See [`LocalSandbox` reference](https://mastra.ai/reference/workspace/local-sandbox) for configuration options including environment isolation and native OS sandboxing.

## Agent tools

When you configure a sandbox on a workspace, agents receive the `execute_command` tool for running shell commands.

If your sandbox provider supports running processes in the background, the `execute_command` tool also accepts `background: true` for starting long-running processes, and two additional tools are registered:

| Tool                 | Description                                                                                                                                |
| -------------------- | ------------------------------------------------------------------------------------------------------------------------------------------ |
| `execute_command`    | Run a shell command.

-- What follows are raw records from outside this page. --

lemma automorphism_fixing_code_fixes:
  assumes code: "is_code n k l F cp cs" and shape: "\<forall>(a, b)\<in>F. length a = k \<and> length b = l"
    and A: "is_automorphism n sp ss" and fixed: "map sp cp = cp" "map ss cs = cs"
  shows "map_prod (map sp) (map ss) ` F = F"
proof -
  obtain \<phi> where dw: "defines_with n k l \<phi> cp cs F" using code unfolding is_code_def by blast
  have dw': "defines_with n k l \<phi> cp cs (map_prod (map sp) (map ss) ` F)"
    using defines_with_automorphism[OF A dw] fixed by simp
  have shape': "length a = k \<and> length b = l" if "(a, b) \<in> map_prod (map sp) (map ss) ` F" for a b
    using that shape by auto
  show ?thesis
  proof (intro set_eqI iffI)
    fix p assume p: "p \<in> map_prod (map sp) (map ss) ` F"
    then show "p \<in> F" using dw dw' shape'[of "fst p" "snd p"] unfolding defines_with_def by (cases p) simp
  next
    fix p assume "p \<in> F"
    then show "p \<in> map_prod (map sp) (map ss) ` F"
      using dw dw' shape unfolding defines_with_def by (cases p) auto
  qed
qed

lemma Rn_iff_powers:
  "Rn n xs \<longleftrightarrow> length xs = Suc n \<and> (\<forall>j\<le>n. fst (xs ! j) = fst (xs ! 0) ^ Suc j) \<and>
     snd (xs ! n) = (\<Sum>i=1..n. of_nat (Suc n choose i) * (-1) ^ (n - i) * fst (xs ! 0) ^ (Suc n - i) * snd (xs ! (i - 1)))"
  (is "_ \<longleftrightarrow> ?rhs")
proof -
  have pow: "(\<forall>i\<in>{1..Suc n}. fst (xs ! (i - 1)) = fst (xs ! 0) ^ i) \<longleftrightarrow> (\<forall>j\<le>n. fst (xs ! j) = fst (xs ! 0) ^ Suc j)"
  proof safe
    fix j assume hyp: "\<forall>i\<in>{1..Suc n}. fst (xs ! (i - 1)) = fst (xs ! 0) ^ i" and "j \<le> n"
    then have "fst (xs ! (Suc j - 1)) = fst (xs ! 0) ^ Suc j" by (intro hyp[rule_format]) simp
    then show "fst (xs ! j) = fst (xs ! 0) ^ Suc j" by simp
  next
    fix i assume hyp: "\<forall>j\<le>n. fst (xs ! j) = fst (xs ! 0) ^ Suc j" and "i \<in> {1..Suc n}"
    then have "fst (xs ! (i - 1)) = fst (xs ! 0) ^ Suc (i - 1)" by (intro hyp[rule_format]) auto
    moreover have "Suc (i - 1) = i" using \<open>i \<in> {1..Suc n}\<close> by simp
    ultimately show "fst (xs ! (i - 1)) = fst (xs ! 0) ^ i" by (simp only:)
  qed
  have sums: "(\<Sum>i=1..n. of_nat (Suc n choose i) * (-1) ^ (n - i) * fst (xs ! (n - i)) * snd (xs ! (i - 1)))
      = (\<Sum>i=1..n. of_nat (Suc n choose i) * (-1) ^ (n - i) * fst (xs ! 0) ^ (Suc n - i) * snd (xs ! (i - 1)))"
    if hyp: "\<forall>j\<le>n. fst (xs ! j) = fst (xs ! 0) ^ Suc j"
  proof (rule sum.cong[OF refl])
    fix i assume "i \<in> {1..n}"
    then have "fst (xs ! (n - i)) = fst (xs ! 0) ^ Suc (n - i)" "Suc (n - i) = Suc n - i"
      using hyp[rule_format, of "n - i"] by auto
    then show "of_nat (Suc n choose i) * (-1) ^ (n - i) * fst (xs ! (n - i)) * snd (xs ! (i - 1))
      = of_nat (Suc n choose i) * (-1) ^ (n - i) * fst (xs ! 0) ^ (Suc n - i) * snd (xs ! (i - 1))" by simp
  qed
  show ?thesis
  proof (cases "\<forall>j\<le>n. fst (xs ! j) = fst (xs ! 0) ^ Suc j")
    case True
    show ?thesis unfolding Rn_def pow sums[OF True] ..
  next
    case False
    then show ?thesis unfolding Rn_def pow by blast
  qed
qed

Returns stdout, stderr, and exit code. Supports `background: true` to spawn a long-running process and return a PID.  |
| `get_process_output` | Get stdout, stderr, and status of a background process by PID. Supports `tail` to limit output lines and `wait: true` to block until exit. |
| `kill_process`       | Stop a background process by PID. Returns recent output.                                                                                   |

These tools are registered automatically. See [Workspace class reference](https://mastra.ai/reference/workspace/workspace-class) for the full tool name list.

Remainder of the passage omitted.